◆ Problem details: Exactly the line with "(\<lambda>(u, v). a" and the lines that follow it, through the closing line of the entries, should be restated, with nothing left out or added.
=== Material for this exercise ===
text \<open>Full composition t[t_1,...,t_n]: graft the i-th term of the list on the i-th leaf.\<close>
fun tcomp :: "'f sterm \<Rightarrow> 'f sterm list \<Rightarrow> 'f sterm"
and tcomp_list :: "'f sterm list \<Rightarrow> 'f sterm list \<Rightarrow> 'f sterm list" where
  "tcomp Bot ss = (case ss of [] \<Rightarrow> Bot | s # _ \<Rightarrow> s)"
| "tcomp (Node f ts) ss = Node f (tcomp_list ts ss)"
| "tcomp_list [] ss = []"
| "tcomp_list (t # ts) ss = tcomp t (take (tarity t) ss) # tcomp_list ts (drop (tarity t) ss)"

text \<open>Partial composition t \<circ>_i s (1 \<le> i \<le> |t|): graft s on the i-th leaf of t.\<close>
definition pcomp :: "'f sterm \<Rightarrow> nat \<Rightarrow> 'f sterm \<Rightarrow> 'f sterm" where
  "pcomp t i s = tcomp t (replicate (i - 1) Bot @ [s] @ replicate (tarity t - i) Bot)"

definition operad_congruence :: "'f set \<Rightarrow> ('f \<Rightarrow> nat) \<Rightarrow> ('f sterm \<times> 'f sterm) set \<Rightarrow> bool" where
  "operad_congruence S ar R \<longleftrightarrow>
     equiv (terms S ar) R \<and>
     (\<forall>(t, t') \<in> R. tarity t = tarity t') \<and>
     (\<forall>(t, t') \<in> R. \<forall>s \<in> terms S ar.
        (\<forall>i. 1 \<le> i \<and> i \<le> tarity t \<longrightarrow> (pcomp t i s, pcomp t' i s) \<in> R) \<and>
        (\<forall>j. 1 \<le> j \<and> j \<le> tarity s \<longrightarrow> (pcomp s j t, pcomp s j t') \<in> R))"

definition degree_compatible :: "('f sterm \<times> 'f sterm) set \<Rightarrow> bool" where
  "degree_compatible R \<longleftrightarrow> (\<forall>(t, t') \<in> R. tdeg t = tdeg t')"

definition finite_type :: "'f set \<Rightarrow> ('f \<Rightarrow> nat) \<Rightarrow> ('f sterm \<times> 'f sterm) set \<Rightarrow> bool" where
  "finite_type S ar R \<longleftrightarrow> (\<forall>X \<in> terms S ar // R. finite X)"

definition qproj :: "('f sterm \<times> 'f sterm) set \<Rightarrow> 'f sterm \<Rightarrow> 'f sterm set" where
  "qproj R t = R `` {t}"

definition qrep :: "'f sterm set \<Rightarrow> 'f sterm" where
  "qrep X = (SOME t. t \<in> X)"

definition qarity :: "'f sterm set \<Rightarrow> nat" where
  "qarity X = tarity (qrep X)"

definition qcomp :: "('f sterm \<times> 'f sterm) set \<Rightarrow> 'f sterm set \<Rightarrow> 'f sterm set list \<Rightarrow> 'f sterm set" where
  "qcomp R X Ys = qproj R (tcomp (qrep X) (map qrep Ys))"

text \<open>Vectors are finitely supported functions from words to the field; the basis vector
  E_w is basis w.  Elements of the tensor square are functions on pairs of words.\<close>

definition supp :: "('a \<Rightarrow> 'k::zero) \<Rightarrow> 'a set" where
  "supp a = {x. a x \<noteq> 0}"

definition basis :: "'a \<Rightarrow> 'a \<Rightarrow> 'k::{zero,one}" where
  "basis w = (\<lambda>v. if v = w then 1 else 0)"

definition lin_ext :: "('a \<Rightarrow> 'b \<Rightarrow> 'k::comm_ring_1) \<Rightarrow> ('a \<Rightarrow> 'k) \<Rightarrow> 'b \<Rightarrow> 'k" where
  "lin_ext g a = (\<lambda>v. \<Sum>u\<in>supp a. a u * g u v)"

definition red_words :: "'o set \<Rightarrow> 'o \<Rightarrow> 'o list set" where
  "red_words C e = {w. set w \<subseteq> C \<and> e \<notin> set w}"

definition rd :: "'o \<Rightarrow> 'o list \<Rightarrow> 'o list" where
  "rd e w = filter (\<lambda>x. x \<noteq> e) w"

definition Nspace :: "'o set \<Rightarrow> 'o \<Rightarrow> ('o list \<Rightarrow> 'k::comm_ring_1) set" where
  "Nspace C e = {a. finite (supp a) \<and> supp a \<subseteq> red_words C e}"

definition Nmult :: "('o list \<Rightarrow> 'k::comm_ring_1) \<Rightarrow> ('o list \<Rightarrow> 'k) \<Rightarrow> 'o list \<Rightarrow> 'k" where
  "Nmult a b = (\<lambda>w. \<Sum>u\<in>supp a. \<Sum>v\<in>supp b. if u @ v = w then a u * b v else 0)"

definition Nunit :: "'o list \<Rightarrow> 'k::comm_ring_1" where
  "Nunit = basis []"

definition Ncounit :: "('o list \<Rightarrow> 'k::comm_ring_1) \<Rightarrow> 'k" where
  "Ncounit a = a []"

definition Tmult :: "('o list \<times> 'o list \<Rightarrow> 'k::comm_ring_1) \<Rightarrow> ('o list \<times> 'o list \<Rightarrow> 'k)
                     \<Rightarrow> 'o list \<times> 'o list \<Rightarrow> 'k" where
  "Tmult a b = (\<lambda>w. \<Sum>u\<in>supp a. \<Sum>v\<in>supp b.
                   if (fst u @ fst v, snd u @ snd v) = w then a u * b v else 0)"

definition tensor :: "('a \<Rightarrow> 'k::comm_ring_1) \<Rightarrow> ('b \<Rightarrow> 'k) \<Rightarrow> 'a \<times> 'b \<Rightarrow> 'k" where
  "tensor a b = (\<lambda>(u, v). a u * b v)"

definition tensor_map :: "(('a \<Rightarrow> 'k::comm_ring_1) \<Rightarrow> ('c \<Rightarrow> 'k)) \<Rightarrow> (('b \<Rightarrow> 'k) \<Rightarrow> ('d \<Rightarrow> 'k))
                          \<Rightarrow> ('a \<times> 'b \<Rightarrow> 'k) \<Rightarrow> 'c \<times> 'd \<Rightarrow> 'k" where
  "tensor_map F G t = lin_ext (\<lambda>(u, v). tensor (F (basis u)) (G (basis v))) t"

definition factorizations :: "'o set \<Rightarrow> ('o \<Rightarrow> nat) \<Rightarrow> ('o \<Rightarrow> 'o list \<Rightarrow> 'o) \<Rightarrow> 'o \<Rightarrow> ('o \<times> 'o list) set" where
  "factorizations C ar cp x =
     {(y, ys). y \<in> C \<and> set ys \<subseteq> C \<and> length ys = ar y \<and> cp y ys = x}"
===
◆ Answer box:
  "tensor a b = (\<lambda>(u, v). a u * b v)"

definition tensor_map :: "(('a \<Rightarrow> 'k::comm_ring_1) \<Rightarrow> ('c \<Rightarrow> 'k)) \<Rightarrow> (('b \<Rightarrow> 'k) \<Rightarrow> ('d \<Rightarrow> 'k))
                          \<Rightarrow> ('a \<times> 'b \<Rightarrow> 'k) \<Rightarrow> 'c \<times> 'd \<Rightarrow> 'k" where
  "tensor_map F G t = lin_ext (\<lambda>(u, v). tensor (F (basis u)) (G (basis v))) t"

definition factorizations :: "'o set \<Rightarrow> ('o \<Rightarrow> nat) \<Rightarrow> ('o \<Rightarrow> 'o list \<Rightarrow> 'o) \<Rightarrow> 'o \<Rightarrow> ('o \<times> 'o list) set" where
  "factorizations C ar cp x =
     {(y, ys). y \<in> C \<and> set ys \<subseteq> C \<and> length ys = ar y \<and> cp y ys = x}"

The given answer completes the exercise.